INSTRUCTIONS TO FOLLOW —
Scan the records for lines holding "neighbours". Say how many there are and give nothing else.

---------- RECORDED DATA ----------

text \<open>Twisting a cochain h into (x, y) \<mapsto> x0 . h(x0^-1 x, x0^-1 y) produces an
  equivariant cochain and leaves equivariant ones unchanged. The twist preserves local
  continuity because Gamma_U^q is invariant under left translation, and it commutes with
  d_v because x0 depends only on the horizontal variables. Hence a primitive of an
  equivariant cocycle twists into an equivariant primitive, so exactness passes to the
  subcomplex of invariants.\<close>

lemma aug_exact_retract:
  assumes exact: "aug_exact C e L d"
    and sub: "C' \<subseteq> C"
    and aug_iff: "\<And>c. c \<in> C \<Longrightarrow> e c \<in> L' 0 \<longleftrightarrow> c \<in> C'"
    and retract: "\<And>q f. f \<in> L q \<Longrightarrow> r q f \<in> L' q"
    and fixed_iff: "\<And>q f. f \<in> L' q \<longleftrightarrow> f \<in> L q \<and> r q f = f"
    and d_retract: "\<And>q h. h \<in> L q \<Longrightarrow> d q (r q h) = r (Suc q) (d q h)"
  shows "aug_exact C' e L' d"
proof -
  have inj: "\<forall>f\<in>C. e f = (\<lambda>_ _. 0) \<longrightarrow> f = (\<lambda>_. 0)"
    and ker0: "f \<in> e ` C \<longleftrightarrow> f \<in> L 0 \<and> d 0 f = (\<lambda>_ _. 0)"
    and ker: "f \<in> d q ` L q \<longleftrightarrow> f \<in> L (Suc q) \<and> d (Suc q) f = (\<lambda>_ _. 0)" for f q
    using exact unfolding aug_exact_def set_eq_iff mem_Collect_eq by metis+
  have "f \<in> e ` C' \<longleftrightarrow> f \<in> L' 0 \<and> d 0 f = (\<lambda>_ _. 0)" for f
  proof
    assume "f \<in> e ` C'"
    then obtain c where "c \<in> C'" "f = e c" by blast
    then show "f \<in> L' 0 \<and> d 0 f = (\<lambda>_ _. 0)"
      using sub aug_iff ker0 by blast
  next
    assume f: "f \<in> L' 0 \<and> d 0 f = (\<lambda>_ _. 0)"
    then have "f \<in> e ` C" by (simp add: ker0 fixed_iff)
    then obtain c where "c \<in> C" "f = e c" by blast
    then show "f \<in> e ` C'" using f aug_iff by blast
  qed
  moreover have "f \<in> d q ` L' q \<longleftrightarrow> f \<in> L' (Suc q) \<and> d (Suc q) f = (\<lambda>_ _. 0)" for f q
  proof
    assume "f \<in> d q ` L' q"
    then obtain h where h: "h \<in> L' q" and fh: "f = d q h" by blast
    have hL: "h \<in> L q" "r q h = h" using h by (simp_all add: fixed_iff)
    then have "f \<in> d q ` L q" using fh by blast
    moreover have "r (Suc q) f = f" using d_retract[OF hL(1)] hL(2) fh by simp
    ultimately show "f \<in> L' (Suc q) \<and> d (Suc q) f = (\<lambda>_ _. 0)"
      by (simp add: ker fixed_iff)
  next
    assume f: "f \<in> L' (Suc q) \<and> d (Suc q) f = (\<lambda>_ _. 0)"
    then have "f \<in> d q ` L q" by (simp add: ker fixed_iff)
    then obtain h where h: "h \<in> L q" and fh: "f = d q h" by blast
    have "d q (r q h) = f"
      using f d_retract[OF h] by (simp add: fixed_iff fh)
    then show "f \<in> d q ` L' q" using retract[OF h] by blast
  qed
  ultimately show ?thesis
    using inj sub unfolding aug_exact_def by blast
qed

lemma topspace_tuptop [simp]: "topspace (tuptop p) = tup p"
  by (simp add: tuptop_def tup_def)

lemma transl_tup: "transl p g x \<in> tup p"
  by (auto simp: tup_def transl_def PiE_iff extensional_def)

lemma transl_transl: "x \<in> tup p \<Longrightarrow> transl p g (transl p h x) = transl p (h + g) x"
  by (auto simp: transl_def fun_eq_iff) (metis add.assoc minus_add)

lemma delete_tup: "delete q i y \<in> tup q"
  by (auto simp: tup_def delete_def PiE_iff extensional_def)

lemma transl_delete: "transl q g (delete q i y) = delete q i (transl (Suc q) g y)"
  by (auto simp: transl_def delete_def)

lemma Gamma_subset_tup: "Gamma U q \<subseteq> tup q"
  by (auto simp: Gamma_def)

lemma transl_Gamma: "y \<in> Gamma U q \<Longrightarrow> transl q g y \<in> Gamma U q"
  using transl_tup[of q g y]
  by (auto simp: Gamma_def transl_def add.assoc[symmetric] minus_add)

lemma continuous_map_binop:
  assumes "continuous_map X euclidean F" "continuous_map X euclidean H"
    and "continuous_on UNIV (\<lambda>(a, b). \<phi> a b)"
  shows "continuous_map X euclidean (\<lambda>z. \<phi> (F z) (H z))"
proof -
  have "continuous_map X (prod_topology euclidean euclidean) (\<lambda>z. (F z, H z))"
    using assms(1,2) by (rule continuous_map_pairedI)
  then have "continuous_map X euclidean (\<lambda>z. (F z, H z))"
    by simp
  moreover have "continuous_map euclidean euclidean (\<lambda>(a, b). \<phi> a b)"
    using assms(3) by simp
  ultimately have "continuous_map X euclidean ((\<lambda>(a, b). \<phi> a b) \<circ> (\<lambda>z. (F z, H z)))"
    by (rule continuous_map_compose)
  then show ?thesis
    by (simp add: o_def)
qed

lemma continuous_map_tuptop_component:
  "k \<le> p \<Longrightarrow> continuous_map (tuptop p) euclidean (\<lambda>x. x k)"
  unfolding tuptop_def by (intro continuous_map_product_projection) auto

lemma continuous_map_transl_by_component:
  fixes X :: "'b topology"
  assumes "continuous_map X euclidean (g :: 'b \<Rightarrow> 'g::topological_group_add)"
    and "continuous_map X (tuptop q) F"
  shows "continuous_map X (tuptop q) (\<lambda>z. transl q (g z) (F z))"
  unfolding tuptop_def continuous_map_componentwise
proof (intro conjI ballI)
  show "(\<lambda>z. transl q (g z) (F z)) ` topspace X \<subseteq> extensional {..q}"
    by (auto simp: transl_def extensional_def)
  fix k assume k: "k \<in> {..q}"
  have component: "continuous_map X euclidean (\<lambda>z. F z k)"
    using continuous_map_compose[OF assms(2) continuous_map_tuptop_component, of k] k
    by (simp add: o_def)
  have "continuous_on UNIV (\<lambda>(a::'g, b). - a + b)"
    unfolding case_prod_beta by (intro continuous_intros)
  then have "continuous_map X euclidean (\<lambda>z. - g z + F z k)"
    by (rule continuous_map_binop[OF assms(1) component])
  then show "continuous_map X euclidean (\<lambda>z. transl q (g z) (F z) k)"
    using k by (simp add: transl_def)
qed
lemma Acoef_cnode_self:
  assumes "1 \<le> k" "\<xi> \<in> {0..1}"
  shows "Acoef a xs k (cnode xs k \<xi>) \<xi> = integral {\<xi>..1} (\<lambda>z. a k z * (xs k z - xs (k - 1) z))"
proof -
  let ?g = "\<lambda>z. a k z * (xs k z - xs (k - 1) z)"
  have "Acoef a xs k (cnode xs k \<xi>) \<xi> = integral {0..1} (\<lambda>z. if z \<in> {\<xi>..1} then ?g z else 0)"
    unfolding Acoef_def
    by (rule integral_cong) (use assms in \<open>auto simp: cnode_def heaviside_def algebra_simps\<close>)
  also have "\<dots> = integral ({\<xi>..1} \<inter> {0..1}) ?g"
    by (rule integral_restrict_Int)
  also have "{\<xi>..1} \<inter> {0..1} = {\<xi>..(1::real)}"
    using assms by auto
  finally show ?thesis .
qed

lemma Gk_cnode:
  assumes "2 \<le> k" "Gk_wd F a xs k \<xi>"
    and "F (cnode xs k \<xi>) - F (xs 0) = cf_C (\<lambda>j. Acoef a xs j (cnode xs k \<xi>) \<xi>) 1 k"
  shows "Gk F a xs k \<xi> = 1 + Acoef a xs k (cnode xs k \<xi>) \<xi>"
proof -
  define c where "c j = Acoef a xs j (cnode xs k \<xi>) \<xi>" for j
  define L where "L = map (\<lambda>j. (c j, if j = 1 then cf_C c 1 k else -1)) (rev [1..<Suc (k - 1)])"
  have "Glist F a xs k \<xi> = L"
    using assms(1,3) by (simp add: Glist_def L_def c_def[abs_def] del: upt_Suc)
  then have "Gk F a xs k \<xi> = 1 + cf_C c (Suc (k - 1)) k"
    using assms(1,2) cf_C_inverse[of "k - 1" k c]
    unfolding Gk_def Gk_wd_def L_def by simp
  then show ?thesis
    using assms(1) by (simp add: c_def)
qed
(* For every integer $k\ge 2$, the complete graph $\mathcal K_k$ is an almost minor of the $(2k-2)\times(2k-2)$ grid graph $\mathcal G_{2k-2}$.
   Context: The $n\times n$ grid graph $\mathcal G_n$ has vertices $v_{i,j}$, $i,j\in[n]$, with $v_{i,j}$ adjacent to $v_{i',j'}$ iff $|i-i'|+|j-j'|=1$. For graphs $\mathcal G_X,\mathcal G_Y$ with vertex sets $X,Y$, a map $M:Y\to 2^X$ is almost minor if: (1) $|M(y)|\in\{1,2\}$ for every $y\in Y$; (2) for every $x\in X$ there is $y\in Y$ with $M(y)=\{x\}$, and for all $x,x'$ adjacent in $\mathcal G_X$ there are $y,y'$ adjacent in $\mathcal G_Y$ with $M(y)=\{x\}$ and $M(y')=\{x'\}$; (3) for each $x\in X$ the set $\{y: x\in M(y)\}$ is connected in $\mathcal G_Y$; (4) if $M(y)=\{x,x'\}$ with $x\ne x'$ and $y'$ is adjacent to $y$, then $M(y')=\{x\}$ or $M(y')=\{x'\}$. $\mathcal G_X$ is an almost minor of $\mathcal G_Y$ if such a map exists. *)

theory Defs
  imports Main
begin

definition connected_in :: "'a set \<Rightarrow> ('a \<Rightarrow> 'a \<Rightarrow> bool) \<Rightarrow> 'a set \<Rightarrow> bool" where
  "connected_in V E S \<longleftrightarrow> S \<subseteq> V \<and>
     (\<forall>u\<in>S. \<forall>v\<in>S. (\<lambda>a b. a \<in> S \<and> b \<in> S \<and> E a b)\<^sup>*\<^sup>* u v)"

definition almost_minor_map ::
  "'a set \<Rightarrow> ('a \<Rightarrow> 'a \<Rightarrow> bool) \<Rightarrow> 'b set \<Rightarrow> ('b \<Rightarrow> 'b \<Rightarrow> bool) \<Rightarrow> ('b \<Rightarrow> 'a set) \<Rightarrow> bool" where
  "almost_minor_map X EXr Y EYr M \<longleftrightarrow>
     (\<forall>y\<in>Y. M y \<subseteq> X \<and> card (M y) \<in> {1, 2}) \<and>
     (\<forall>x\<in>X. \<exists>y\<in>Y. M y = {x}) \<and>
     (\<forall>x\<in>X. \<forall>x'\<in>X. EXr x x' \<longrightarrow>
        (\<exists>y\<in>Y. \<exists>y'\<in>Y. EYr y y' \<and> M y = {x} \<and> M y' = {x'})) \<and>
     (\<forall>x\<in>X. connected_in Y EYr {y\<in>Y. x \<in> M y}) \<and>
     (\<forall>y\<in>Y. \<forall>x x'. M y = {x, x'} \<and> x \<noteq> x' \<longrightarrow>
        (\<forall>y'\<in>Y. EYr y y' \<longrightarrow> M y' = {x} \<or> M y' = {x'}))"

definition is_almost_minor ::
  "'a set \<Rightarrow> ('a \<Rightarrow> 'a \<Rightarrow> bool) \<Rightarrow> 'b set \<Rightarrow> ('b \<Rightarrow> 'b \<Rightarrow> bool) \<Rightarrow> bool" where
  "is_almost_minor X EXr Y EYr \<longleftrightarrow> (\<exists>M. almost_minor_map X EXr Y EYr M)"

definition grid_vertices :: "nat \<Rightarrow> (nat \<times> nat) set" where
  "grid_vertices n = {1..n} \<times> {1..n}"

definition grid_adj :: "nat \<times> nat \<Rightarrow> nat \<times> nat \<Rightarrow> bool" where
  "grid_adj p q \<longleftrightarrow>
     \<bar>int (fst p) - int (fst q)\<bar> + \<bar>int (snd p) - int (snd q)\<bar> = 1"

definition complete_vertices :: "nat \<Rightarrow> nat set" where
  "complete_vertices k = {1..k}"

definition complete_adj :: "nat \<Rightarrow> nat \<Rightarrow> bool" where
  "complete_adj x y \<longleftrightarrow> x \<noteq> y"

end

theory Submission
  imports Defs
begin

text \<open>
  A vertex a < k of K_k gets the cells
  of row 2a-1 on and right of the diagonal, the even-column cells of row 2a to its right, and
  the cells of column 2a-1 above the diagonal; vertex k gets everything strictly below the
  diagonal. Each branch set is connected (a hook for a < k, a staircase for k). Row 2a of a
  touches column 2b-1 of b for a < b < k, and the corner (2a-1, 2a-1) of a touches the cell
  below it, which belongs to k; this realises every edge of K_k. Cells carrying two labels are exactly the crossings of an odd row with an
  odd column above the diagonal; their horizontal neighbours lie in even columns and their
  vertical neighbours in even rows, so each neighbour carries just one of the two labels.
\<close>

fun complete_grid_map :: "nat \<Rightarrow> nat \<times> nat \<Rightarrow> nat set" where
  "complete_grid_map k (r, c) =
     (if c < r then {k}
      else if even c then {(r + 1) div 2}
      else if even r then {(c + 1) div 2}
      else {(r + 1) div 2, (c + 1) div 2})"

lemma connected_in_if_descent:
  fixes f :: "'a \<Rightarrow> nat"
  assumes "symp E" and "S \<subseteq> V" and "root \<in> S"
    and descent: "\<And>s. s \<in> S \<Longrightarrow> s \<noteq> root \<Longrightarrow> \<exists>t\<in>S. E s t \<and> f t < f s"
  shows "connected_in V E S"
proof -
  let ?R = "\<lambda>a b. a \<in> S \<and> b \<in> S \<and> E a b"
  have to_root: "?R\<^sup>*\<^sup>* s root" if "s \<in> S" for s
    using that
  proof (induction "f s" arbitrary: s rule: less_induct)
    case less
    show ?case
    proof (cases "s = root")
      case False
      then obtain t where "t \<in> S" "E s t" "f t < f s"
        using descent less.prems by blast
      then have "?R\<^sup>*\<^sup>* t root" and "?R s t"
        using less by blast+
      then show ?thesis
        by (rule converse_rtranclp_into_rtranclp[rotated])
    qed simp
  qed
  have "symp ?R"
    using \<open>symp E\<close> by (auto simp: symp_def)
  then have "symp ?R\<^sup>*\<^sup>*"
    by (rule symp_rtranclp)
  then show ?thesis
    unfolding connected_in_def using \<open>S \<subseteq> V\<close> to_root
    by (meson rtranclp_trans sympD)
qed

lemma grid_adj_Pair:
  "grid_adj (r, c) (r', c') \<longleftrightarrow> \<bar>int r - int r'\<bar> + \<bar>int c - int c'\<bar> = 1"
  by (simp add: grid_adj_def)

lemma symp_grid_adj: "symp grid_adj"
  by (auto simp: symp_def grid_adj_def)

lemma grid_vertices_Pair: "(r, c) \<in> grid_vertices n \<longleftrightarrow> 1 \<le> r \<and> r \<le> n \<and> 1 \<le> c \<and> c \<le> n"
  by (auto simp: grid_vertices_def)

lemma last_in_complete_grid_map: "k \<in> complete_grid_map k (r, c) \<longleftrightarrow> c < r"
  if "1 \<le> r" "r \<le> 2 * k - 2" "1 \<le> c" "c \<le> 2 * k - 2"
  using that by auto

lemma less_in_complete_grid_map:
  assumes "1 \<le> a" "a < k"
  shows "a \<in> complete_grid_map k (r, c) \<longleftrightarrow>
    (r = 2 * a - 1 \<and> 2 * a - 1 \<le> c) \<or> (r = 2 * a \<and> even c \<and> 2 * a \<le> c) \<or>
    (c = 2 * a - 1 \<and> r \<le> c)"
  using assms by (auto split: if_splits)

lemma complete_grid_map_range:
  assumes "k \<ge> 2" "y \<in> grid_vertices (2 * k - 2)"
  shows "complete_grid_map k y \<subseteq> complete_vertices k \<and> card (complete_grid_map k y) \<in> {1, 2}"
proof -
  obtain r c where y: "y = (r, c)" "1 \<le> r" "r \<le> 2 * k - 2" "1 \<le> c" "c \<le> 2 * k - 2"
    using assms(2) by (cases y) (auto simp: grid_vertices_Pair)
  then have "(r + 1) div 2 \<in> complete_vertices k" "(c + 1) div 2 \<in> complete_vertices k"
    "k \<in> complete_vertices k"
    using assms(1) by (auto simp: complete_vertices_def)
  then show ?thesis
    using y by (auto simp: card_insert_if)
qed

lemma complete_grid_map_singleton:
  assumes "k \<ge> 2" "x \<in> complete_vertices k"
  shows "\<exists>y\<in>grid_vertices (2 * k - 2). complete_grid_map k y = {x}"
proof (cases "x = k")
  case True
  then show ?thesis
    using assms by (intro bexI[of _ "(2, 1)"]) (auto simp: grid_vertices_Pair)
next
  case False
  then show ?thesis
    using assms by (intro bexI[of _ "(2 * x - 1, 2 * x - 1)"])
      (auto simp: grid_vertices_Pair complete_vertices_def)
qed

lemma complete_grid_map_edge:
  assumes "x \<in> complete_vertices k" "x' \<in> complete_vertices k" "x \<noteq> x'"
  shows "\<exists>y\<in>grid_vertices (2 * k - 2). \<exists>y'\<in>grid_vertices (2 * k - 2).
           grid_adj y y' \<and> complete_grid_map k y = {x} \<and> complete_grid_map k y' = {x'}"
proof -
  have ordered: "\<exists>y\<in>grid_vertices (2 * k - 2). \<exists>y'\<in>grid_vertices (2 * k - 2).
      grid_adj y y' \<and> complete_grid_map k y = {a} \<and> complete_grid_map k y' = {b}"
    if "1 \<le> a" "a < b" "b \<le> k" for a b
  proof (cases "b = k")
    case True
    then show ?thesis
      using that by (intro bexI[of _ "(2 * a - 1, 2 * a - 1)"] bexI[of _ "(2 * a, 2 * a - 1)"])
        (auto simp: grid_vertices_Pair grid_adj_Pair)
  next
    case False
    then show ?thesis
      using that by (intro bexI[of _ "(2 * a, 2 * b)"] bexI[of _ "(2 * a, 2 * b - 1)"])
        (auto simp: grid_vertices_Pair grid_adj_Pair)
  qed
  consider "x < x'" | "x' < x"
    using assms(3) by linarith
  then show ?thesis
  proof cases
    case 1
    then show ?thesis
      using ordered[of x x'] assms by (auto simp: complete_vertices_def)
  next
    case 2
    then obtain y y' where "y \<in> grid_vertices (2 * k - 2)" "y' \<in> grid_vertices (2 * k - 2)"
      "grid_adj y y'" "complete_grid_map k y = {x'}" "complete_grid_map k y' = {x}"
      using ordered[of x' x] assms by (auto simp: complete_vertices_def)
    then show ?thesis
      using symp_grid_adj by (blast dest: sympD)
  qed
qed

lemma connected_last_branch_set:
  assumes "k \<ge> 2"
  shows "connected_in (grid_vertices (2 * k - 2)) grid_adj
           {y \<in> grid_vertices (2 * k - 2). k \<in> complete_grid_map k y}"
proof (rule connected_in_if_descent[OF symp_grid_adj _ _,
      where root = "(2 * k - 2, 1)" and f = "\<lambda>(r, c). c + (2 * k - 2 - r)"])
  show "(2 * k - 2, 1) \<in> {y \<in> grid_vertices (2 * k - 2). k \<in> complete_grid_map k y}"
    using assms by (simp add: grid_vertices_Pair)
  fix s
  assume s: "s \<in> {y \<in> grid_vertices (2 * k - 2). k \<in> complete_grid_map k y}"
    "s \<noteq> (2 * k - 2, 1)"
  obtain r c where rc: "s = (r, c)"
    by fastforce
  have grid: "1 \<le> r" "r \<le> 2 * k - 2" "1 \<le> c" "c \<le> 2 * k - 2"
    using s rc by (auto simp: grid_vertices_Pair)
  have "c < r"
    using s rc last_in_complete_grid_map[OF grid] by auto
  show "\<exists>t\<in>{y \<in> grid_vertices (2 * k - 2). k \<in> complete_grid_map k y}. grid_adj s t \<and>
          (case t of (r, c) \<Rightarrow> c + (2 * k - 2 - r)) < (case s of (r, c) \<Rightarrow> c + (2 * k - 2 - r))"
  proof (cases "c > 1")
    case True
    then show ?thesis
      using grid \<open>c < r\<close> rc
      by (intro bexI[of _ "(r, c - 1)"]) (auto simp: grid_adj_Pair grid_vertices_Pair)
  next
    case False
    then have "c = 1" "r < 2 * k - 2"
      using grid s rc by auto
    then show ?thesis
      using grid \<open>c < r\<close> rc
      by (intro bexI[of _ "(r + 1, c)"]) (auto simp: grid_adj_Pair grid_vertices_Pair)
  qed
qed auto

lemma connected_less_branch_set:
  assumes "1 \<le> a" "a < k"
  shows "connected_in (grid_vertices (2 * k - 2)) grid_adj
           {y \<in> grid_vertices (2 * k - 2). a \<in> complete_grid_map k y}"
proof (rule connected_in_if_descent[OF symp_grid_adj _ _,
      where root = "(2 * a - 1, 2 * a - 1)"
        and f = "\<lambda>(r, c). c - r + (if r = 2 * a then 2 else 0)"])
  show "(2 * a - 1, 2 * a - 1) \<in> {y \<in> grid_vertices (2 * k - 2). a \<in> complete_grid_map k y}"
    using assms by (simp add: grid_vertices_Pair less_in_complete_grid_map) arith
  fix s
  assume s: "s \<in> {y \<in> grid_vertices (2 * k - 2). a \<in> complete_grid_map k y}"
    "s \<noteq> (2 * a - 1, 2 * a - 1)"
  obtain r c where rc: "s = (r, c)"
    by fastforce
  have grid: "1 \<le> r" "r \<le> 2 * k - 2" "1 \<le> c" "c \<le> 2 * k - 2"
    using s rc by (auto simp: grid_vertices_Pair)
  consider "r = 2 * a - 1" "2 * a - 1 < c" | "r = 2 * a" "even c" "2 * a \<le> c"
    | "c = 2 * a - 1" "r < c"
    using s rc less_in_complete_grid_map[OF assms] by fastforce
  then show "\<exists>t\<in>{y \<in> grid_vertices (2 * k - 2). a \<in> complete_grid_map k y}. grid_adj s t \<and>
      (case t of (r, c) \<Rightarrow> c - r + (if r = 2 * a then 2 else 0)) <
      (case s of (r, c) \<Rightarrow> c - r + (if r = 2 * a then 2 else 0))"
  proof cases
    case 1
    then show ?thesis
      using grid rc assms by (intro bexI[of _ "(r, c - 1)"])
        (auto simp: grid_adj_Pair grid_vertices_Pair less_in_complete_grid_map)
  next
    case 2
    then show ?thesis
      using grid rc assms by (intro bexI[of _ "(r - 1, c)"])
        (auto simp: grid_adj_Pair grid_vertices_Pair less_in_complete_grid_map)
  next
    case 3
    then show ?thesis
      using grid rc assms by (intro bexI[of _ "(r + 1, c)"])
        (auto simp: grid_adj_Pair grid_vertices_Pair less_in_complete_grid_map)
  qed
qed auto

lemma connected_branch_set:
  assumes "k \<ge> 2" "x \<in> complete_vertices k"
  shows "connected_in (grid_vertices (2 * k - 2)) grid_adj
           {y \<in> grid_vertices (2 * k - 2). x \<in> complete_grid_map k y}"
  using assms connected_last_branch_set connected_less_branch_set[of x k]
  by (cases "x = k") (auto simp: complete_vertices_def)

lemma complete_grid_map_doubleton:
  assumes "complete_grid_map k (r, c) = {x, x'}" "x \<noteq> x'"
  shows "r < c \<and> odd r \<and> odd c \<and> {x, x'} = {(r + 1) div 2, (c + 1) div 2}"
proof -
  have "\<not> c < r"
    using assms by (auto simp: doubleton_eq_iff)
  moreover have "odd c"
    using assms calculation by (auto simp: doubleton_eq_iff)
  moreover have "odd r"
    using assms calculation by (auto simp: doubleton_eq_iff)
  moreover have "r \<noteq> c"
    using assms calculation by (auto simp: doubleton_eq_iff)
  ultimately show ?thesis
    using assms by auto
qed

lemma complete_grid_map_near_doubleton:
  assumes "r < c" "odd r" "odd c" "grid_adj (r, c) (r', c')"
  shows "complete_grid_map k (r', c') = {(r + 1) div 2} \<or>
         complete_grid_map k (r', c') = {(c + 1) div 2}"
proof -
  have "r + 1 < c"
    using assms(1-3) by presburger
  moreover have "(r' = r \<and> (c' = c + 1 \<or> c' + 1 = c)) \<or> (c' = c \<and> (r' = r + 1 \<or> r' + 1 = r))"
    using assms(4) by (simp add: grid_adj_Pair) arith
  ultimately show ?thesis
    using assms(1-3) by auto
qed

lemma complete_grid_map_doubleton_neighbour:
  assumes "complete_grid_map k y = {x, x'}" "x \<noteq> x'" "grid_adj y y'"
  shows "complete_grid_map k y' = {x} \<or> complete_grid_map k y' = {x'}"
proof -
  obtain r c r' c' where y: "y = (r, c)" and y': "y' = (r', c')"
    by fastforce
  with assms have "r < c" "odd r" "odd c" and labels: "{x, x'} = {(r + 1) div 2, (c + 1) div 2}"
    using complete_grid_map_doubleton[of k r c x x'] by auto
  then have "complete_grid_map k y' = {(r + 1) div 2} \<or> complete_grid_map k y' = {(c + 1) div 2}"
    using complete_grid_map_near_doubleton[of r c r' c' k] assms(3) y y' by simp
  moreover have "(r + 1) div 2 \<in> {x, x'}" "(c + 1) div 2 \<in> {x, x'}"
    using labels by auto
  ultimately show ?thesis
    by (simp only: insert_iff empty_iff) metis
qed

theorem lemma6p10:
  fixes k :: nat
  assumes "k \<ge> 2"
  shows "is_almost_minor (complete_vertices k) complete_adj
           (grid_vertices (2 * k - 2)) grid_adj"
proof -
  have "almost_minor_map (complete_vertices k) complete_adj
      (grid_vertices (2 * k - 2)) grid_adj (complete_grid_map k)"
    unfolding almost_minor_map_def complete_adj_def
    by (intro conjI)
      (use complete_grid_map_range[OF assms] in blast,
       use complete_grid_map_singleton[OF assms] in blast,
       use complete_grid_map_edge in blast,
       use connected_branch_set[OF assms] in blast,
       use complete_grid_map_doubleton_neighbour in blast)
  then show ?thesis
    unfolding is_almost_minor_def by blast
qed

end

----------

RESULT BELOW —
2